__HOW TO COMPLETE THIS TASK__: Copy, exactly and without additions, every line in the records below from the one holding "using assms(3-6) by" through the one holding "(nat E + 1) dvd", both ends included.

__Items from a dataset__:

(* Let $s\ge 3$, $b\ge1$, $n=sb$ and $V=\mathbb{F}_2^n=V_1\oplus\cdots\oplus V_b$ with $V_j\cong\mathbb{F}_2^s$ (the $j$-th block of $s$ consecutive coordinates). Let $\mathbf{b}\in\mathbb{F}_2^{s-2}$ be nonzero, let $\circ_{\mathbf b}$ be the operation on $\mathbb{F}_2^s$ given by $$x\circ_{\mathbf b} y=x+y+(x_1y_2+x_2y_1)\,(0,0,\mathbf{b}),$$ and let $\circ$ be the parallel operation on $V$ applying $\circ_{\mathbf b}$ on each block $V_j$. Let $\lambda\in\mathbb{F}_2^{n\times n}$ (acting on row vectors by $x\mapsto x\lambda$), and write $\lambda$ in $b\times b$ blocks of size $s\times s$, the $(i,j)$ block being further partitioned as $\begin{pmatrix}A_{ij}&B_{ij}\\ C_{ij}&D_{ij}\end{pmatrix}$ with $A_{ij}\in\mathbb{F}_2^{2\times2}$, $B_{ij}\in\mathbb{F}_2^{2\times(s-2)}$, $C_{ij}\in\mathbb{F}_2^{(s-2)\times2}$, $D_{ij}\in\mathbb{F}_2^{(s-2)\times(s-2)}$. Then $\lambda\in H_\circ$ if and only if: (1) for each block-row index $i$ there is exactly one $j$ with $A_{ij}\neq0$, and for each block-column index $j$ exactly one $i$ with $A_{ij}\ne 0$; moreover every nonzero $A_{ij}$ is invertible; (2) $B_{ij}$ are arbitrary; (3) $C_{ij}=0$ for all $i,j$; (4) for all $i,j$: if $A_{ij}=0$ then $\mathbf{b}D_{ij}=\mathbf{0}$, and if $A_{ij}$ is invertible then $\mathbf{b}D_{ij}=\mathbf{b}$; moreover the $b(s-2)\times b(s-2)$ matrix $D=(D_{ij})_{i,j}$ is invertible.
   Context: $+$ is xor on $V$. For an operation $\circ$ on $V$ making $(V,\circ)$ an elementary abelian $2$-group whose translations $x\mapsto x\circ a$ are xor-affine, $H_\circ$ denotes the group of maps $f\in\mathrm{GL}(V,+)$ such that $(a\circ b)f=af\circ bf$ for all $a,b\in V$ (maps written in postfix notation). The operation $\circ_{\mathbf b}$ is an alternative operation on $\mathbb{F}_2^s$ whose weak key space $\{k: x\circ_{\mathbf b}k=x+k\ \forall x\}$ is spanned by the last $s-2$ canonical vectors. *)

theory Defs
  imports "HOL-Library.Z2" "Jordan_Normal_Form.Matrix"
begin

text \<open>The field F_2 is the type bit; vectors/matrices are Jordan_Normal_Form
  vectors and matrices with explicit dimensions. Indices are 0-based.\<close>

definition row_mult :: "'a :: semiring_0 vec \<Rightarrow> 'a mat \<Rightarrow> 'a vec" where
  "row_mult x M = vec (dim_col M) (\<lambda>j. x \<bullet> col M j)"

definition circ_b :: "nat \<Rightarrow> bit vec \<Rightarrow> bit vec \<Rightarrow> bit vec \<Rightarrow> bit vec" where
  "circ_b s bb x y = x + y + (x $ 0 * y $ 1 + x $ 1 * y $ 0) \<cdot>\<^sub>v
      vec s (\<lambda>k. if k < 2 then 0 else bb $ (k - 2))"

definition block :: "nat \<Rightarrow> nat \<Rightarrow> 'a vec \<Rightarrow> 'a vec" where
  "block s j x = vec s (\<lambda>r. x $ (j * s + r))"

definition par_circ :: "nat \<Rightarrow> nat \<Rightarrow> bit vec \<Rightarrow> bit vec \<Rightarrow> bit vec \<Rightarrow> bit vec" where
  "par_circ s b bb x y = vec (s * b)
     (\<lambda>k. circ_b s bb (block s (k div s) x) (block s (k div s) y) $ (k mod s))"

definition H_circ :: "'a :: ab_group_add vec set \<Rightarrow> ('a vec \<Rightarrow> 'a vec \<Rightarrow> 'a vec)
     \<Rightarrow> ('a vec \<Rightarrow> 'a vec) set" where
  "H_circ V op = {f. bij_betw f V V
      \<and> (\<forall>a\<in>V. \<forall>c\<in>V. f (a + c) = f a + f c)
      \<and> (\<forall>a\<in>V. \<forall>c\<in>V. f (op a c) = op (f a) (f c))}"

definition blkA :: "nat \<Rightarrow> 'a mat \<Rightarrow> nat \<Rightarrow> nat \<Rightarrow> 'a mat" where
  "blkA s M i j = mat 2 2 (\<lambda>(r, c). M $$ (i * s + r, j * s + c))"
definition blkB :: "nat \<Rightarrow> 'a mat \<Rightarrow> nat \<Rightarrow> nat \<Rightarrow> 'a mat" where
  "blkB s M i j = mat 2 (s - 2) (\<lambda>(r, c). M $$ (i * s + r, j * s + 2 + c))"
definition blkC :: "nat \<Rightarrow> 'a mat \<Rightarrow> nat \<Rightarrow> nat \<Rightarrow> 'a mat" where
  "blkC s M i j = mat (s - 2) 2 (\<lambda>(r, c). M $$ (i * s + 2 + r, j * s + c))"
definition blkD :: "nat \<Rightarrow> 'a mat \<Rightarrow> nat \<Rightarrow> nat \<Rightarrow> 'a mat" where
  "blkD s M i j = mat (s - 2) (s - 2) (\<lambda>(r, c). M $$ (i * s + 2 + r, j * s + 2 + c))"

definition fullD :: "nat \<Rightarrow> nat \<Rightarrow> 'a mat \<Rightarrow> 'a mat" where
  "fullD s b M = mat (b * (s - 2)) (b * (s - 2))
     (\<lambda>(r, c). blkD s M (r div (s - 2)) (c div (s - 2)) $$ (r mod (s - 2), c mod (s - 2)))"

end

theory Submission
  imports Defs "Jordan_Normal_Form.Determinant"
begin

* * *

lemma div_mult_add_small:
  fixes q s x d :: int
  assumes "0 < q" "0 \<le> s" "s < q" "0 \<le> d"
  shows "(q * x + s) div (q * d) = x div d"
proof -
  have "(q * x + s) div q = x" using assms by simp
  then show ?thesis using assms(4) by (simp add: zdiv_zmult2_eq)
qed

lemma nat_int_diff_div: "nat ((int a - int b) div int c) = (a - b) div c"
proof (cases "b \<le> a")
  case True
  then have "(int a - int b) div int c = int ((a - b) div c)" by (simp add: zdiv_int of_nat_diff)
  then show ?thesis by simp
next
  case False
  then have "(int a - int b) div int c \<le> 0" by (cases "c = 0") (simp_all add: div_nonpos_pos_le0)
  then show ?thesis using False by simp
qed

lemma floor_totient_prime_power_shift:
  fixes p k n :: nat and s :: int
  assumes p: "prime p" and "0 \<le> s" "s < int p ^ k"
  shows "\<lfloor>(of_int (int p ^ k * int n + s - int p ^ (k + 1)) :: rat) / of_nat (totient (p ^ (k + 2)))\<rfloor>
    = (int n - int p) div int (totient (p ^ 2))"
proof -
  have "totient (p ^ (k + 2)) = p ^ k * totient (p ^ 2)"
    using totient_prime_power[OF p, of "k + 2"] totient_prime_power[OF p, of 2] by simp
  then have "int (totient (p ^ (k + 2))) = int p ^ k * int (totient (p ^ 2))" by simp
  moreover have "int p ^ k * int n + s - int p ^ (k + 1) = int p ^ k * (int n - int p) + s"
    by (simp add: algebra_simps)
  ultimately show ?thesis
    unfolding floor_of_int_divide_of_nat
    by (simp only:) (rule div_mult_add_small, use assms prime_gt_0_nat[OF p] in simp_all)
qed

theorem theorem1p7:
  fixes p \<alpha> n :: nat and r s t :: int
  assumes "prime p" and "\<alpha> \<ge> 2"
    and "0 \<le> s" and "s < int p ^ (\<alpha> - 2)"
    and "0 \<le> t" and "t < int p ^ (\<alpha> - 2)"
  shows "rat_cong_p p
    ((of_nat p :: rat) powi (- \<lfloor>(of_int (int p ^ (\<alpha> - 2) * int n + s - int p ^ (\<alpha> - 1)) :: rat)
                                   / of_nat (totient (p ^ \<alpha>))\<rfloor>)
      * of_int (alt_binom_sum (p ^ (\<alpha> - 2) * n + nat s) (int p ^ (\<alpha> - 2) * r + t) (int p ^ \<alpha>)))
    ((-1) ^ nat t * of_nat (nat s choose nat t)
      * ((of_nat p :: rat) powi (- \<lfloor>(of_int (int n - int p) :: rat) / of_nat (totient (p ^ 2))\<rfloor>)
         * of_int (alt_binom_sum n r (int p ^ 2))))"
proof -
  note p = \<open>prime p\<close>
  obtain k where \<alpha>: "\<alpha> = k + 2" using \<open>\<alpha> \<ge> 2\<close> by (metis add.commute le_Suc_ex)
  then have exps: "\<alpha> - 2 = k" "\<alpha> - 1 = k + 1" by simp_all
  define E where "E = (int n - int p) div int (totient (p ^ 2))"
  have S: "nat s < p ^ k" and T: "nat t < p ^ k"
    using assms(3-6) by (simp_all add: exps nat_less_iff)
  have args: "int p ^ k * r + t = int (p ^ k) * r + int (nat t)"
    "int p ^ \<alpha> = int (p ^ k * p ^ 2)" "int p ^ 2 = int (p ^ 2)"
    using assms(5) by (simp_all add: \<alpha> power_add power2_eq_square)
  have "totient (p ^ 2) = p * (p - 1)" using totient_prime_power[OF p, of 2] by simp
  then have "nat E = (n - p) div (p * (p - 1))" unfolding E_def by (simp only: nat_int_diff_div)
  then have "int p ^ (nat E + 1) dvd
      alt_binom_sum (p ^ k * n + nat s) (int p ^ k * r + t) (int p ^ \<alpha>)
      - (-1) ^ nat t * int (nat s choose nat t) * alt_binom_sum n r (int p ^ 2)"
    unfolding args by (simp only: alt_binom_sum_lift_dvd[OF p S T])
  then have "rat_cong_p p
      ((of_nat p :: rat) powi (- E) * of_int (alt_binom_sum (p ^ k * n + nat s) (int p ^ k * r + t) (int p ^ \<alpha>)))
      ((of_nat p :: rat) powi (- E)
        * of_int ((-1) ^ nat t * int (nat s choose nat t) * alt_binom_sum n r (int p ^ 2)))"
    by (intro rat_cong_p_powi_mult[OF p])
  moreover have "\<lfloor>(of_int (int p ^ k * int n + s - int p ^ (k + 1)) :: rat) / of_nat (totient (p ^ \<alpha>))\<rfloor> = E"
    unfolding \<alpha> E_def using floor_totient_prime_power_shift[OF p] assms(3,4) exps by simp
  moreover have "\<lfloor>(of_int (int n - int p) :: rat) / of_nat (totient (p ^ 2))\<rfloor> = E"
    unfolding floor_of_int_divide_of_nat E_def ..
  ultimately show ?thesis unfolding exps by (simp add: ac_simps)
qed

__RESULT OF THIS TASK__:
    using assms(3-6) by (simp_all add: exps nat_less_iff)
  have args: "int p ^ k * r + t = int (p ^ k) * r + int (nat t)"
    "int p ^ \<alpha> = int (p ^ k * p ^ 2)" "int p ^ 2 = int (p ^ 2)"
    using assms(5) by (simp_all add: \<alpha> power_add power2_eq_square)
  have "totient (p ^ 2) = p * (p - 1)" using totient_prime_power[OF p, of 2] by simp
  then have "nat E = (n - p) div (p * (p - 1))" unfolding E_def by (simp only: nat_int_diff_div)
  then have "int p ^ (nat E + 1) dvd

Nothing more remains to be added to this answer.